Repository files navigation

Object detection in an Urban Environment

The purpose of this project is to apply different skills learned during Computer Vision Class for Self Driving Car Engineer Nanodegree from Udacity. In this project, we will perform full workflow for deep learning pipelines from dataset analysis, training, evaluation and improvements. This project will include use of the TensorFlow Object Detection API, Waymo dataset as input and TensorBoard for performances monitoring.

Set up

Data

For this project, we will be using data from the Waymo Open dataset. The files can be downloaded directly from the website as tar files or from the Google Cloud Bucket as individual tf records.

Structure

The data in the classroom workspace will be organized as follows:

/home/backups/
    - raw: contained the tf records in the Waymo Open format. (NOTE: this folder only contains temporary files and should be empty after running the download and process script)

/home/workspace/data/
    - processed: contained the tf records in the Tf Object detection api format. (NOTE: this folder should be empty after creating the splits)
    - test: contain the test data
    - train: contain the train data
    - val: contain the val data

The experiments folder will be organized as follow:

experiments/
    - exporter_main_v2.py: to create an inference model
    - model_main_tf2.py: to launch training
    - experiment0/....
    - experiment1/....
    - experiment2/...
    - pretrained-models/: contains the checkpoints of the pretrained models.

Prerequisites

Local Setup

For local setup if you have your own Nvidia GPU, you can use the provided Dockerfile and requirements in the build directory.

Follow the README therein to create a docker container and install all prerequisites.

Classroom Workspace

In the classroom workspace, every library and package should already be installed in your environment.
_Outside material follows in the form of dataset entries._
(* Let $X$ be a compact $\ell_1$-convex subset of $\mathbb{R}^n$. Then for $0\le j\le k\le n$, \[ \int_{\mathrm{Graff}_{n,k}} V_j(X\cap A)\,dA=\binom{n+j-k}{j}V_{n+j-k}(X). \] In particular, for $0\le k\le n$, the set $\{A\in\mathrm{Graff}_{n,k}: X\cap A\neq\emptyset\}$ has measure $V_{n-k}(X)$.
   Context: A subset $X\subseteq\mathbb{R}^n$ is $\ell_1$-convex if any two of its points $x,x'$ are joined by a map $\gamma\colon[0,D]\to X$, $D=\sum_i|x_i-x'_i|$, with $\gamma(0)=x,\gamma(D)=x'$ and $\sum_i|\gamma_i(t)-\gamma_i(t')|=|t-t'|$. $G_{n,k}$ is the set of $k$-dimensional coordinate subspaces of $\mathbb{R}^n$ (spanned by $k$ standard basis vectors); $P^\perp$ is the orthogonal complement and $\pi_P$ orthogonal projection. $\mathrm{Graff}_{n,k}$ is the set of $k$-dimensional affine subspaces parallel to some element of $G_{n,k}$; each is uniquely $P+q$ with $P\in G_{n,k}$, $q\in P^\perp$, so $\mathrm{Graff}_{n,k}\cong\coprod_{P\in G_{n,k}}P^\perp$, and it carries the measure obtained by summing Lebesgue measure $\mathrm{Vol}_{n-k}$ on each $P^\perp$. The $i$th $\ell_1$-intrinsic volume of a compact $\ell_1$-convex set $Y$ lying in $\mathbb{R}^n$ is $V_i(Y)=\sum_{P\in G_{n,i}}\mathrm{Vol}_i(\pi_PY)$; for $Y\subseteq A$ with $A$ an affine coordinate-parallel subspace, $V_i(Y)$ is computed in $\mathbb{R}^n$ (this agrees with computing intrinsically in $A$). For sets $X\cap A$ not necessarily $\ell_1$-convex the integrand is understood via this same formula. *)

theory Defs
  imports "HOL-Analysis.Analysis" "HOL-Probability.Probability"
begin

text \<open>Points of R^n are vectors of type real^'n with n = CARD('n).
  A k-dimensional coordinate subspace P in G_{n,k} is identified with the set S of
  the k coordinate indices spanning it.\<close>

definition l1dist :: "real^'n \<Rightarrow> real^'n \<Rightarrow> real" where
  "l1dist x y = (\<Sum>i\<in>UNIV. \<bar>x$i - y$i\<bar>)"

definition l1_convex :: "(real^'n) set \<Rightarrow> bool" where
  "l1_convex X \<longleftrightarrow> (\<forall>x\<in>X. \<forall>x'\<in>X. \<exists>\<gamma> :: real \<Rightarrow> real^'n.
      \<gamma> 0 = x \<and> \<gamma> (l1dist x x') = x' \<and>
      (\<forall>t\<in>{0..l1dist x x'}. \<gamma> t \<in> X) \<and>
      (\<forall>t\<in>{0..l1dist x x'}. \<forall>t'\<in>{0..l1dist x x'}. l1dist (\<gamma> t) (\<gamma> t') = \<bar>t - t'\<bar>))"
However, you will need to login to Google Cloud using the following command:

gcloud auth login

This command will display a link that you need to copy and paste to your web browser. Follow the instructions. You can check if you are logged correctly by running :

gsutil ls gs://waymo_open_dataset_v_1_2_0_individual_files/

It should display the content of the bucket.

Instructions

Download and process the data

The first goal of this project is to download the data from the Waymo's Google Cloud bucket to your local machine. For this project, we only need a subset of the data provided (for example, we do not need to use the Lidar data). Therefore, we are going to download and trim immediately each file. In download_process.py, you will need to implement the create_tf_example function. This function takes the components of a Waymo Tf record and save them in the Tf Object Detection api format. An example of such function is described here. We are already providing the label_map.pbtxt file.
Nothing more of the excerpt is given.